▸ **WHAT THE TASK ASKS**:
Copy each line of the material in which the word "that" appears.

▸ **DATA RECORDS**:

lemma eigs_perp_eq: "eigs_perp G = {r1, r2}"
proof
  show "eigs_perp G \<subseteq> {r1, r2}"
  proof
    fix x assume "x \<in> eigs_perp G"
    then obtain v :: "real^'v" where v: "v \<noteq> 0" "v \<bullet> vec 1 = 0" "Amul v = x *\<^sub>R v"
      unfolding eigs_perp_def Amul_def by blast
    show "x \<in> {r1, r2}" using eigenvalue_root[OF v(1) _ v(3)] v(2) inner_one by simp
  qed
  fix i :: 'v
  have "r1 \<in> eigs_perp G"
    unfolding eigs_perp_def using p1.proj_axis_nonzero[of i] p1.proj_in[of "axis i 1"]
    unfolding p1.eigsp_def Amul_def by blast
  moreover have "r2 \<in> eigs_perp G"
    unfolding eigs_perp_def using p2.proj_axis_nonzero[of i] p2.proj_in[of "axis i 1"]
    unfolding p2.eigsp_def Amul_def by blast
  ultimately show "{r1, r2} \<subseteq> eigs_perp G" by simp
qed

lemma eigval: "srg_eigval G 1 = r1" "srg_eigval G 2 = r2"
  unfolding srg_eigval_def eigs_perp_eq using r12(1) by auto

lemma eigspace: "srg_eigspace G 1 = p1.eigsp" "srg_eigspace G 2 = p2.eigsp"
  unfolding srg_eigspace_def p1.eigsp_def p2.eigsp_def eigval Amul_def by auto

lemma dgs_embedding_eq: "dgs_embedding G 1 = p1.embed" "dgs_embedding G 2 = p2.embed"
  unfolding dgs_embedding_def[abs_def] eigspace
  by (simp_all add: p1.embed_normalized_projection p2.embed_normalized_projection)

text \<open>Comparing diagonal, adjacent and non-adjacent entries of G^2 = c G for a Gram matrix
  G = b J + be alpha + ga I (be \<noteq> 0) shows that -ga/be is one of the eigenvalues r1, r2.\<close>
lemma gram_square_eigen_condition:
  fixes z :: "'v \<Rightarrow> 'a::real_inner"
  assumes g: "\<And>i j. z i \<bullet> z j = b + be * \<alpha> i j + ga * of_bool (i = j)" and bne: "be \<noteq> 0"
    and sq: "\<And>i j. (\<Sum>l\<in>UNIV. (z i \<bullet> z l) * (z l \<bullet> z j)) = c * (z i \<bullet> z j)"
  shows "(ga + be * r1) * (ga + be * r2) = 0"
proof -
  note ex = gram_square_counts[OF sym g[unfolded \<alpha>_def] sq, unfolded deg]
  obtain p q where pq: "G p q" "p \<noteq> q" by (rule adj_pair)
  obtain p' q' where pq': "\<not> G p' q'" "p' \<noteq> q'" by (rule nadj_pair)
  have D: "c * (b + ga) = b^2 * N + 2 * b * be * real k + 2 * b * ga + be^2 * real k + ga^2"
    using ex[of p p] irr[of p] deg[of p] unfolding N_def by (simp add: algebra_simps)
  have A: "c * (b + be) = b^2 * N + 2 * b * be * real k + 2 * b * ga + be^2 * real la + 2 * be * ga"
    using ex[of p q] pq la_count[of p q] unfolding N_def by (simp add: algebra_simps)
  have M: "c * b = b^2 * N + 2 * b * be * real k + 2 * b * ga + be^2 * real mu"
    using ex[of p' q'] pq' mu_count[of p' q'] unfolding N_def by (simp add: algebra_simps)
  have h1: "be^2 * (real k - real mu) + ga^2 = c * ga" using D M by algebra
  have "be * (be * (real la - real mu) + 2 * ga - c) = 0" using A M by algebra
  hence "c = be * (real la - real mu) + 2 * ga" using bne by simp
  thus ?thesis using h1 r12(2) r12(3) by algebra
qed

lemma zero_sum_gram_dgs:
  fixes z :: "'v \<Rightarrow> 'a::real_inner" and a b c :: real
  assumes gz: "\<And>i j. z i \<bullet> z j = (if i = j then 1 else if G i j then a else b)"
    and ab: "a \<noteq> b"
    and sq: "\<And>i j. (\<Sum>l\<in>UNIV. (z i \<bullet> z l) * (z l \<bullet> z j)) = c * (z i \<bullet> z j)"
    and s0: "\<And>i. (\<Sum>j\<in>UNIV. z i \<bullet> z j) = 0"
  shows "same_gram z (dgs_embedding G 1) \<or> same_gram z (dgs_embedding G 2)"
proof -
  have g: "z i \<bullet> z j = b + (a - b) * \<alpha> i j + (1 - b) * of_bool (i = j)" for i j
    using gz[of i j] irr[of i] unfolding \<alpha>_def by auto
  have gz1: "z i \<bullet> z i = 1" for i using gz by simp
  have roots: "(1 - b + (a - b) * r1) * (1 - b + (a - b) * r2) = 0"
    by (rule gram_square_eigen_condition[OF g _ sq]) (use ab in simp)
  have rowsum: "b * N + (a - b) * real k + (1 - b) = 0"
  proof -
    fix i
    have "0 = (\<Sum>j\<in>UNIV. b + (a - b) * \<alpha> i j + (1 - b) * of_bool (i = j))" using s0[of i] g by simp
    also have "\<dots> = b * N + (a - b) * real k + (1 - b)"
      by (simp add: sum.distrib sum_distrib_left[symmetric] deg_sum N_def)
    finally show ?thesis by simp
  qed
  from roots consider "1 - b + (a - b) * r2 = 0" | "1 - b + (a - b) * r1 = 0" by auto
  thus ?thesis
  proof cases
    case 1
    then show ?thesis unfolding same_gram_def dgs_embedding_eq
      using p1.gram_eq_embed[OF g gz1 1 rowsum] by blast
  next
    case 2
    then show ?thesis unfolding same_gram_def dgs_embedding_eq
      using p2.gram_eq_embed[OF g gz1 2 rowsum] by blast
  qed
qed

==

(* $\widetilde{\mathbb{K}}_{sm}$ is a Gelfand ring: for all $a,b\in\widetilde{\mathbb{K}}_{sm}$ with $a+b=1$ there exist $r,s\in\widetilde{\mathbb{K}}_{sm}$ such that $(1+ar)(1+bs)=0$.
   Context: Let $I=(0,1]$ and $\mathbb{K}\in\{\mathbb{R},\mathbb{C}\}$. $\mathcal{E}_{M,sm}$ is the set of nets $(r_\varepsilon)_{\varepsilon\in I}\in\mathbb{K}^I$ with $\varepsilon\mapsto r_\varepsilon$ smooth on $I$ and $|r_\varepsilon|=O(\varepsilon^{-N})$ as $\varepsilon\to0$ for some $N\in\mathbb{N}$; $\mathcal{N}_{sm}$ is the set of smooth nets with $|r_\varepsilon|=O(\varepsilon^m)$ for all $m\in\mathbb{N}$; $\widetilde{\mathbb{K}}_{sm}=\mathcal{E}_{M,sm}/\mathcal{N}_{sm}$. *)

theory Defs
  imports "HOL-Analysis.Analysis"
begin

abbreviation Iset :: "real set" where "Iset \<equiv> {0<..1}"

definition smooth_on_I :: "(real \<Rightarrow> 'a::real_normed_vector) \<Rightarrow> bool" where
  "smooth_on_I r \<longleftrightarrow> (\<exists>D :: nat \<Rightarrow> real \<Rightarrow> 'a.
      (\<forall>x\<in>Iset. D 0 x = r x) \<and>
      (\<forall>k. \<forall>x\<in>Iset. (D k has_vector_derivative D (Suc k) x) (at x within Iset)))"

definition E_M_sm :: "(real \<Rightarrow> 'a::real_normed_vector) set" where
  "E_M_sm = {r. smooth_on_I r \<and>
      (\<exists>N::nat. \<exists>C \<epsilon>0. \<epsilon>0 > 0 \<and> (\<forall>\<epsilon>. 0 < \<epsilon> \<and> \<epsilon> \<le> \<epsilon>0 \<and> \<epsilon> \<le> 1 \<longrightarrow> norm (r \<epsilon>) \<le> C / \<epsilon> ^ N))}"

▸ **EXERCISE SOLUTION**:
  G = b J + be alpha + ga I (be \<noteq> 0) shows that -ga/be is one of the eigenvalues r1, r2.\<close>
(* $\widetilde{\mathbb{K}}_{sm}$ is a Gelfand ring: for all $a,b\in\widetilde{\mathbb{K}}_{sm}$ with $a+b=1$ there exist $r,s\in\widetilde{\mathbb{K}}_{sm}$ such that $(1+ar)(1+bs)=0$.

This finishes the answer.